RETIREMENT PLAN DEVELOPMENTS

IRS Issues Changes to Retirement Plans' 2013 Dollar Limits

On October 18, 2012, the IRS announced the 2013 cost of living adjustments affecting dollar limitations for qualified retirement plans. The highlights are as follows:

  • Elective Deferrals. The elective deferral (contribution) limit for employees who participate in 401(k), 403(b), most 457 plans and the federal government's Thrift Savings Plan is increased from $17,000 to $17,500.
  • Catch-Up Contributions. The catch-up contribution limit for employees aged 50 and over who participate in 401(k), 403(b), most 457 plans and the federal government's Thrift Savings Plan remains at $5,500.
  • Annual Compensation Limit. The annual compensation limit under Code sections 401(a)(17), 404(l), 408(k)(3)(C) and 408(k)(6)(D)(ii) is increased from $250,000 to $255,000.
  • Annual Additions Limit. The annual additions limitation for a defined contribution plan under Code section 415(c)(1)(A) is increased in 2013 from $50,000 to $51,000.
  • Annual Benefit Limit. The limitation on the annual benefit under a defined benefit plan under Code section 415(b)(1)(A) is increased from $200,000 to $205,000.
  • Definition of Highly Compensated Employee. The limitation used in the definition of highly compensated employee under Code section 414(q)(1)(B) remains unchanged at $115,000.

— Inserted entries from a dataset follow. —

lemma walk_flow_nonzero_imp_mem:
  assumes "walk_flow xs p q \<noteq> 0"
  shows "p \<in> set xs \<and> q \<in> set xs"
proof -
  have "p \<notin> set xs \<Longrightarrow> walk_flow xs p q = 0"
    by (induction xs p q rule: walk_flow.induct) simp_all
  moreover have "q \<notin> set xs \<Longrightarrow> walk_flow xs p q = 0"
    by (induction xs p q rule: walk_flow.induct) simp_all
  ultimately show ?thesis
    using assms by blast
qed

lemma abs_walk_flow_le: "\<bar>walk_flow xs p q\<bar> \<le> length xs"
proof (induction xs p q rule: walk_flow.induct)
  case (1 x y xs p q)
  have "\<bar>(if A then 1 else 0) - (if B then 1 else 0 :: real)\<bar> \<le> 1" for A B
    by (cases A; cases B) simp_all
  moreover have "real (length (x # y # xs)) = 1 + real (length (y # xs))"
    by simp
  ultimately show ?case
    unfolding walk_flow.simps
    using "1" abs_triangle_ineq[of "(if p = x \<and> q = y then 1 else 0) - (if p = y \<and> q = x then 1 else 0)"
        "walk_flow (y # xs) p q"]
    by (smt (verit))
qed simp_all

lemma walk_flow_divergence:
  assumes "symp E" "locally_finite E" "walk E xs"
  shows "(\<Sum>q | E p q. walk_flow xs p q) = (if p = hd xs then 1 else 0) - (if p = last xs then 1 else 0)"
  using assms(3)
proof (induction xs rule: induct_list012)
  case (3 x y zs)
  have fin: "finite {q. E p q}"
    using assms(2) by (simp add: locally_finite_def)
  have "E x y" "E y x"
    using "3.prems" sympD[OF assms(1)] by auto
  then have "(\<Sum>q | E p q. if p = x \<and> q = y then 1 else 0) = (if p = x then 1 else 0 :: real)"
    "(\<Sum>q | E p q. if p = y \<and> q = x then 1 else 0) = (if p = y then 1 else 0 :: real)"
    using fin by (cases "p = x"; cases "p = y"; simp)+
  then have "(\<Sum>q | E p q. walk_flow (x # y # zs) p q)
      = (if p = x then 1 else 0) - (if p = y then 1 else 0) + (\<Sum>q | E p q. walk_flow (y # zs) p q)"
    by (simp add: sum.distrib sum_subtractf)
  then show ?case
    using "3.IH" "3.prems" by simp
qed (auto simp: walk_def)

The entire list of changes can be found on the IRS website.

PBGC Announces 2013 Premium Changes

The Pension Benefit Guaranty Corporation (PBGC) issued a notice outlining premium changes for 2013. The flat premium rate for the PBGC's single-employer plan termination insurance program will be $42 per participant in 2013 and $49 per participant in 2014, up from $35 in 2012. The premium rate for multiemployer plans will increase to $12 per participant in 2013, up from $9 in 2012. The rates are increased in accordance with the Moving Ahead for Progress in the 21st Century Act (MAP-21), and rates will be inflation adjusted in future years. The variable-rate premium will likely remain at $9 per $1,000 of unfunded vested benefits (before reflecting the $400 per participant cap) despite the addition of an indexing feature under MAP-21. The PBGC will confirm that rate before the end of the year.

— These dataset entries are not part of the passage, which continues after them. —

lemma euler_limit_increment_le:
  fixes G :: "real \<Rightarrow> 'a \<Rightarrow> 'a::real_normed_vector"
  assumes M: "\<And>s v. norm (G s v) \<le> M"
    and h: "\<And>n. 0 < h n" "h \<longlonglongrightarrow> 0"
    and lim: "\<And>t. 0 \<le> t \<Longrightarrow> (\<lambda>n. euler_approx G (h n) w0 t) \<longlonglongrightarrow> w t"
    and ty: "0 \<le> t1" "0 \<le> y" "\<bar>y - t1\<bar> < d / 2" and \<epsilon>: "0 < \<epsilon>"
    and near: "\<And>s v. 0 \<le> s \<Longrightarrow> \<bar>s - t1\<bar> \<le> d \<Longrightarrow> norm (v - w t1) < M * d + \<epsilon> \<Longrightarrow>
                 norm (G s v - V) \<le> e"
  shows "norm (w y - w t1 - (y - t1) *\<^sub>R V) \<le> e * \<bar>y - t1\<bar>"
proof -
  define a where "a = min y t1"
  define b where "b = max y t1"
  let ?f = "\<lambda>n. euler_approx G (h n) w0"
  have ab: "0 \<le> a" "a \<le> t1" "t1 \<le> b" "b - a < d / 2"
    using ty by (auto simp: a_def b_def min_def max_def abs_if split: if_splits)
  have "eventually (\<lambda>n. h n < d / 2) sequentially"
    using tendstoD[OF h(2), of "d / 2"] ab h(1) by (auto elim!: eventually_mono)
  moreover have "eventually (\<lambda>n. dist (?f n t1) (w t1) < \<epsilon>) sequentially"
    using tendstoD[OF lim[OF ty(1)] \<epsilon>] .
  ultimately have "eventually (\<lambda>n. norm (?f n b - ?f n a - (b - a) *\<^sub>R V) \<le> (b - a) * e) sequentially"
  proof eventually_elim
    case (elim n)
    show ?case
    proof (rule euler_approx_increment_near[OF h(1) M ab(1-3)])
      show "b - a + h n \<le> d" using ab elim(1) by simp
      fix s v assume "0 \<le> s" "\<bar>s - t1\<bar> \<le> d" "norm (v - w t1) \<le> M * d + norm (?f n t1 - w t1)"
      then show "norm (G s v - V) \<le> e" using near elim(2) by (simp add: dist_norm)
    qed
  qed
  moreover have "(\<lambda>n. norm (?f n b - ?f n a - (b - a) *\<^sub>R V)) \<longlonglongrightarrow> norm (w b - w a - (b - a) *\<^sub>R V)"
    using ab ty by (intro tendsto_intros lim) auto
  ultimately have "norm (w b - w a - (b - a) *\<^sub>R V) \<le> (b - a) * e"
    by (intro tendsto_le[OF trivial_limit_sequentially tendsto_const])
  moreover have "norm (w b - w a - (b - a) *\<^sub>R V) = norm (w y - w t1 - (y - t1) *\<^sub>R V)"
    "b - a = \<bar>y - t1\<bar>"
    unfolding a_def b_def by (auto simp: min_def max_def norm_minus_commute algebra_simps)
  ultimately show ?thesis by (simp add: mult.commute)
qed

lemma euler_limit_has_vector_derivative:
  fixes G :: "real \<Rightarrow> 'a \<Rightarrow> 'a::real_normed_vector"
  assumes M: "\<And>s v. norm (G s v) \<le> M"
    and h: "\<And>n. 0 < h n" "h \<longlonglongrightarrow> 0"
    and lim: "\<And>t. 0 \<le> t \<Longrightarrow> (\<lambda>n. euler_approx G (h n) w0 t) \<longlonglongrightarrow> w t"
    and t1: "0 \<le> t1"
    and cont: "continuous (at (t1, w t1) within {0..} \<times> UNIV) (\<lambda>p. G (fst p) (snd p))"
  shows "(w has_vector_derivative G t1 (w t1)) (at t1 within {0..})"
  unfolding has_vector_derivative_def has_derivative_within_alt
proof (intro conjI allI impI bounded_linear_scaleR_left)
  fix e :: real assume e: "0 < e"
  obtain \<eta> where \<eta>: "0 < \<eta>"
    and G_close: "\<And>p. p \<in> {0..} \<times> UNIV \<Longrightarrow> dist p (t1, w t1) < \<eta> \<Longrightarrow>
                    dist (G (fst p) (snd p)) (G t1 (w t1)) < e"
    using cont e unfolding continuous_within_eps_delta by fastforce
  have M0: "0 \<le> M" using M[of 0 0] by (simp add: order_trans[OF norm_ge_zero])
  define d where "d = \<eta> / (4 * (M + 1))"
  have d: "0 < d" "d \<le> \<eta> / 4" "M * d \<le> \<eta> / 4"
    using \<eta> M0 by (auto simp: d_def field_simps)
  have near: "norm (G s v - G t1 (w t1)) \<le> e"
    if "0 \<le> s" "\<bar>s - t1\<bar> \<le> d" "norm (v - w t1) < M * d + \<eta> / 4" for s v
  proof -
    have "dist (s, v) (t1, w t1) \<le> \<bar>s - t1\<bar> + norm (v - w t1)"
      using norm_Pair_le[of "s - t1" "v - w t1"] by (simp add: dist_norm)
    also have "\<dots> < \<eta>" using that d by simp
    finally show ?thesis using G_close[of "(s, v)"] that(1) by (simp add: dist_norm)
  qed
  show "\<exists>\<delta>>0. \<forall>y\<in>{0..}. norm (y - t1) < \<delta> \<longrightarrow>
          norm (w y - w t1 - (y - t1) *\<^sub>R G t1 (w t1)) \<le> e * norm (y - t1)"
    using euler_limit_increment_le[OF M h lim t1 _ _ _ near] \<eta> d by (intro exI[of _ "d / 2"]) auto
qed

lemma continuous_within_transform_openin:
  assumes "isCont g p" "openin (top_of_set T) U" "p \<in> U" "\<And>x. x \<in> U \<Longrightarrow> f x = g x"
  shows "continuous (at p within T) f"
  unfolding continuous_within
proof (rule Lim_transform_within_openin[OF _ assms(2,3)])
  show "(g \<longlongrightarrow> f p) (at p within T)"
    using continuous_at_imp_continuous_at_within[OF assms(1)] assms(3,4) by (simp add: continuous_within)
qed (use assms(4) in auto)

lemma ode_solution_in_half_plane_exists:
  fixes G :: "real \<Rightarrow> complex \<Rightarrow> complex" and I :: "real set"
  assumes I: "openin (top_of_set {0..}) I"
    and w0: "Re w0 < L"
    and bound: "\<And>s v. s \<in> I \<Longrightarrow> Re v < L \<Longrightarrow> norm (G s v) \<le> M"
    and Re_le: "\<And>s v. s \<in> I \<Longrightarrow> Re v < L \<Longrightarrow> Re (G s v) \<le> 0"
    and cont: "\<And>s v. s \<in> I \<Longrightarrow> Re v < L \<Longrightarrow> isCont (\<lambda>p. G (fst p) (snd p)) (s, v)"
  obtains w where "w 0 = w0" "\<And>t. t \<in> I \<Longrightarrow> Re (w t) \<le> Re w0"
    "\<And>t. t \<in> I \<Longrightarrow> (w has_vector_derivative G t (w t)) (at t within I)"
proof -
  \<comment> \<open>Since \<open>Re G \<le> 0\<close>, the Euler polygons of the truncated field never leave the half-plane.\<close>
  define G' where "G' s v = (if s \<in> I \<and> Re v < L then G s v else 0)" for s v
  define h where "h n = inverse (real (Suc n))" for n
  define f where "f n = euler_approx G' (h n) w0" for n
  have h: "0 < h n" for n by (simp add: h_def)
  have G'_bound: "norm (G' s v) \<le> max M 0" for s v
    using bound by (auto simp: G'_def le_max_iff_disj)
  have f0: "f n 0 = w0" for n
  proof -
    have "f n 0 = euler_polygon G' (h n) w0 0 0" unfolding f_def by (rule euler_approx_eq_polygon[OF h]) auto
    then show ?thesis by (simp add: euler_polygon_def)
  qed
  have "norm (f n s - f n t) \<le> max M 0 * \<bar>s - t\<bar>" if "0 \<le> s" "0 \<le> t" for n s t
    unfolding f_def using that by (rule euler_approx_lipschitz[OF h _ _ G'_bound])
  then obtain \<sigma> w where \<sigma>: "strict_mono \<sigma>" and lim: "\<And>t. 0 \<le> t \<Longrightarrow> (\<lambda>n. f (\<sigma> n) t) \<longlonglongrightarrow> w t"
    using equilipschitz_imp_pointwise_convergent_subseq[of f w0, OF f0] by blast
  have w_0: "w 0 = w0" using lim[of 0] by (simp add: f0 LIMSEQ_const_iff)
  have Re_w: "Re (w t) \<le> Re w0" if "0 \<le> t" for t
  proof (rule LIMSEQ_le_const2[OF tendsto_Re[OF lim[OF that]]])
    show "\<exists>N. \<forall>n\<ge>N. Re (f (\<sigma> n) t) \<le> Re w0"
      using Re_euler_polygon_le[OF h, of G'] Re_le by (auto simp: f_def euler_approx_def G'_def)
  qed
  have I0: "I \<subseteq> {0..}" using openin_imp_subset[OF I] .
  have "(w has_vector_derivative G t1 (w t1)) (at t1 within I)" if t1: "t1 \<in> I" for t1
  proof -
    have w_L: "Re (w t1) < L" using Re_w[of t1] t1 I0 w0 by auto
    have U: "openin (top_of_set ({0..} \<times> UNIV)) (I \<times> {v. Re v < L})"
      using I open_halfspace_Re_lt by (intro openin_Times) auto
    have "continuous (at (t1, w t1) within {0..} \<times> UNIV) (\<lambda>p. G' (fst p) (snd p))"
      using t1 w_L by (intro continuous_within_transform_openin[OF cont[OF t1 w_L] U])
        (auto simp: G'_def)
    moreover have "(\<lambda>n. h (\<sigma> n)) \<longlonglongrightarrow> 0"
      using LIMSEQ_subseq_LIMSEQ[OF LIMSEQ_inverse_real_of_nat \<sigma>] by (simp add: h_def o_def)
    ultimately have "(w has_vector_derivative G' t1 (w t1)) (at t1 within {0..})"
      using t1 I0 lim unfolding f_def by (intro euler_limit_has_vector_derivative[OF G'_bound h]) auto
    then show ?thesis
      using t1 w_L by (auto simp: G'_def intro: has_vector_derivative_within_subset[OF _ I0])
  qed
  then show ?thesis using that w_0 Re_w I0 by blast
qed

HEALTH AND WELFARE PLAN DEVELOPMENTS

2013 Limits for Archer MSA HDHPs

The IRS issued Revenue Procedure 2012-41, providing inflation-adjusted figures for welfare benefits in 2013. For Archer medical savings accounts (MSA), a high deductible health plan (HDHP) will include a health plan with an annual deductible for self-only coverage of at least $2,150 ($4,300 for family coverage) and not more than $3,200 ($6,450 for family coverage), with an out-of-pocket maximum of $4,300 ($7,850 for family coverage).

GENERAL DEVELOPMENTS

Social Security Wage Base Increases to $113,700 for 2013

The Social Security Administration announced that the wage base for computing the Social Security tax (OASDI) in 2013 increased to $113,700. The wage base for 2012 was $110,100.

Form 5500 Publication

The Department of Labor (DOL) posts Forms 5500s in a database available on its website. The DOL has stated that electronically filed Form 5500s will be posted within 90 days after the date the Form 5500 is filed with the DOL. Filed forms can be searched on the DOL's website.

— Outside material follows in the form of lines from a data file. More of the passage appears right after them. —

(* Let $n\ge2$ and $D=\mathrm{pdiag}(d_1,\dots,d_n)$ with $d_1\le\dots\le d_n$. If $n=2$ and $d_2<0$, then $\mathrm{attr}(D)=\{x\in\overline{\mathbb{R}}^2: x_1=x_2\}$, so $D$ is not strongly stable. In all other cases $D$ is strongly stable.
   Context: Max-plus conventions: $\overline{\mathbb{R}}=\mathbb{R}\cup\{-\infty\}$, $\varepsilon=-\infty$, $\oplus=\max$, $\otimes=+$; $(A\otimes x)_i=\max_j(A_{ij}+x_j)$, $(\lambda\otimes x)_i=\lambda+x_i$, $A^k$ is the $k$-fold max-plus power and $A^0\otimes x=x$. $\mathrm{pdiag}(d_1,\dots,d_n)$ is the matrix with real diagonal entries $d_i$ and all off-diagonal entries equal to the real number $0$. For finite $A\in\mathbb{R}^{n\times n}$, $\lambda(A)$ is the maximum cycle mean, $\lambda(A)=\max\{(a_{i_1i_2}+\dots+a_{i_ki_1})/k\}$ over $k\ge1$ and distinct $i_1,\dots,i_k\in[n]$; it is the unique max-plus eigenvalue of $A$. The eigenspace is $V(A)=\{x\in\overline{\mathbb{R}}^n: A\otimes x=\lambda(A)\otimes x\}$ (including the all-$\varepsilon$ vector). $\mathrm{attr}(A)=\{x\in\overline{\mathbb{R}}^n: A^k\otimes x\in V(A)\text{ for some } k\ge0\}$; $A$ is strongly stable if $\mathrm{attr}(A)=\overline{\mathbb{R}}^n$. *)

theory Defs
  imports Complex_Main "HOL-Library.Extended_Real"
begin

text \<open>Max-plus algebra over \<open>R \<union> {-\<infinity>}\<close>, modelled inside \<open>ereal\<close> (the value \<open>\<infinity>\<close> never
  occurs).  Dimension \<open>n\<close> is explicit; indices are \<open>0..<n\<close> (paper index \<open>i\<close> is \<open>i-1\<close> here).
  A vector of \<open>Rbar^n\<close> is a function \<open>nat \<Rightarrow> ereal\<close> with values \<noteq> \<infinity> on \<open>{..<n}\<close>
  and value \<open>-\<infinity>\<close> outside \<open>{..<n}\<close> (extensional convention).\<close>

definition mp_vecs :: "nat \<Rightarrow> (nat \<Rightarrow> ereal) set" where
  "mp_vecs n = {x. (\<forall>i<n. x i \<noteq> \<infinity>) \<and> (\<forall>i. n \<le> i \<longrightarrow> x i = -\<infinity>)}"

definition mp_mat_mult :: "nat \<Rightarrow> (nat \<Rightarrow> nat \<Rightarrow> ereal) \<Rightarrow> (nat \<Rightarrow> nat \<Rightarrow> ereal) \<Rightarrow> nat \<Rightarrow> nat \<Rightarrow> ereal" where
  "mp_mat_mult n A B = (\<lambda>i j. if i < n \<and> j < n then Max ((\<lambda>l. A i l + B l j) ` {..<n}) else -\<infinity>)"

definition mp_id :: "nat \<Rightarrow> nat \<Rightarrow> nat \<Rightarrow> ereal" where
  "mp_id n = (\<lambda>i j. if i < n \<and> j < n then (if i = j then 0 else -\<infinity>) else -\<infinity>)"

definition mp_of_real :: "nat \<Rightarrow> (nat \<Rightarrow> nat \<Rightarrow> real) \<Rightarrow> nat \<Rightarrow> nat \<Rightarrow> ereal" where
  "mp_of_real n A = (\<lambda>i j. if i < n \<and> j < n then ereal (A i j) else -\<infinity>)"

fun mp_mat_pow :: "nat \<Rightarrow> (nat \<Rightarrow> nat \<Rightarrow> real) \<Rightarrow> nat \<Rightarrow> nat \<Rightarrow> nat \<Rightarrow> ereal" where
  "mp_mat_pow n A 0 = mp_id n"
| "mp_mat_pow n A (Suc k) = mp_mat_mult n (mp_of_real n A) (mp_mat_pow n A k)"

definition mp_apply :: "nat \<Rightarrow> (nat \<Rightarrow> nat \<Rightarrow> ereal) \<Rightarrow> (nat \<Rightarrow> ereal) \<Rightarrow> nat \<Rightarrow> ereal" where
  "mp_apply n A x = (\<lambda>i. if i < n then Max ((\<lambda>j. A i j + x j) ` {..<n}) else -\<infinity>)"

definition mp_scale :: "nat \<Rightarrow> real \<Rightarrow> (nat \<Rightarrow> ereal) \<Rightarrow> nat \<Rightarrow> ereal" where
  "mp_scale n c x = (\<lambda>i. if i < n then ereal c + x i else -\<infinity>)"

definition cycle_mean :: "(nat \<Rightarrow> nat \<Rightarrow> real) \<Rightarrow> nat list \<Rightarrow> real" where
  "cycle_mean A cs = (\<Sum>t<length cs. A (cs ! t) (cs ! ((t + 1) mod length cs))) / real (length cs)"

definition mcm :: "nat \<Rightarrow> (nat \<Rightarrow> nat \<Rightarrow> real) \<Rightarrow> real" where
  "mcm n A = Max {cycle_mean A cs | cs. cs \<noteq> [] \<and> distinct cs \<and> set cs \<subseteq> {..<n}}"

definition eigenspace :: "nat \<Rightarrow> (nat \<Rightarrow> nat \<Rightarrow> real) \<Rightarrow> (nat \<Rightarrow> ereal) set" where
  "eigenspace n A = {x \<in> mp_vecs n. mp_apply n (mp_of_real n A) x = mp_scale n (mcm n A) x}"

definition attr :: "nat \<Rightarrow> (nat \<Rightarrow> nat \<Rightarrow> real) \<Rightarrow> (nat \<Rightarrow> ereal) set" where
  "attr n A = {x \<in> mp_vecs n. \<exists>k. mp_apply n (mp_mat_pow n A k) x \<in> eigenspace n A}"

definition strongly_stable :: "nat \<Rightarrow> (nat \<Rightarrow> nat \<Rightarrow> real) \<Rightarrow> bool" where
  "strongly_stable n A \<longleftrightarrow> attr n A = mp_vecs n"

definition pdiag :: "(nat \<Rightarrow> real) \<Rightarrow> nat \<Rightarrow> nat \<Rightarrow> real" where
  "pdiag d = (\<lambda>i j. if i = j then d i else 0)"

end

theory Submission
  imports Defs
begin

text \<open>A real matrix sends every vector with a finite coordinate to a finite vector, so it
  suffices to follow the real dynamics \<open>y \<mapsto> D \<otimes> y\<close>, whose \<open>i\<close>-th coordinate is the larger
  of \<open>d\<^sub>i + y\<^sub>i\<close> and the other coordinates of \<open>y\<close>; moreover \<open>\<lambda>(D) = max d\<^sub>n 0\<close>.
  If \<open>d\<^sub>n < 0\<close> and \<open>n \<ge> 3\<close>, two steps make \<open>y\<close> constant, and constants are eigenvectors.
  If \<open>L = d\<^sub>n \<ge> 0\<close>, pick \<open>m\<close> with \<open>d\<^sub>m = L\<close> maximising \<open>y\<close> among such indices: the excess
  \<open>max y - y\<^sub>m\<close> drops by a fixed \<open>\<delta> > 0\<close> per step until \<open>y\<^sub>m\<close> is maximal; from then on
  \<open>y\<^sub>m\<close> grows by \<open>L\<close> per step while every coordinate with \<open>d\<^sub>i < L\<close> eventually sits at
  \<open>y\<^sub>m - L\<close>, which is an eigenvector.  For \<open>n = 2\<close> and \<open>d\<^sub>2 < 0\<close> the eigenspace is
  \<open>{x\<^sub>1 = x\<^sub>2}\<close>, and \<open>D\<close> preserves \<open>x\<^sub>1 \<noteq> x\<^sub>2\<close>.\<close>

lemma Max_image_Max_swap:
  fixes g :: "'a \<Rightarrow> 'b \<Rightarrow> 'c::linorder"
  assumes "finite I" "I \<noteq> {}" "finite J" "J \<noteq> {}"
  shows "Max ((\<lambda>i. Max (g i ` J)) ` I) = Max ((\<lambda>j. Max ((\<lambda>i. g i j) ` I)) ` J)"
proof -
  have "g i j \<le> Max ((\<lambda>j. Max ((\<lambda>i. g i j) ` I)) ` J)"
    and "g i j \<le> Max ((\<lambda>i. Max (g i ` J)) ` I)" if "i \<in> I" "j \<in> J" for i j
    using assms that by (auto simp: Max_ge_iff)
  then show ?thesis
    using assms by (intro antisym) (auto simp: Max_le_iff)
qed

lemma Max_add_ereal:
  fixes a :: ereal
  assumes "finite S" "S \<noteq> {}"
  shows "Max (f ` S) + a = (MAX x\<in>S. f x + a)"
proof -
  have "Max (f ` S) + a = Max ((\<lambda>s. s + a) ` f ` S)"
    using assms by (intro mono_Max_commute) (auto simp: mono_def add_right_mono)
  then show ?thesis by (simp add: image_image)
qed

lemma add_Max_ereal:
  fixes a :: ereal
  assumes "finite S" "S \<noteq> {}"
  shows "a + Max (f ` S) = (MAX x\<in>S. a + f x)"
  using Max_add_ereal[OF assms] by (simp add: add.commute)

Second Circuit Court of Appeals Rules DOMA Unconstitutional

The Second Circuit Court of Appeals ruled that the Defense of Marriage Act (DOMA) is unconstitutional in Windsor v. U.S., 109 AFTR 2d 2012-2475 (2nd Cir. 2012). The plaintiff in Windsor contested the constitutionality of DOMA based on her payment of $350,000 in federal estate taxes because her deceased partner was not recognized as a spouse for federal tax purposes. The court applied a heightened level of scrutiny to determine that DOMA is discriminatory against homosexuals.

REINHART COMMENT: The First Circuit Court of Appeals previously held DOMA unconstitutional in Gill et al. v. Office of Personnel Management, 682 F.3d 1 (1st Cir. 2012). Following these circuit court decisions, the Supreme Court may grant certiorari on these cases in order to consider the validity of DOMA. Plan sponsors should be aware that a change in the validity of DOMA could affect various aspects of employee benefits, including the federal tax treatment of benefits, COBRA rights and qualified domestic relations orders.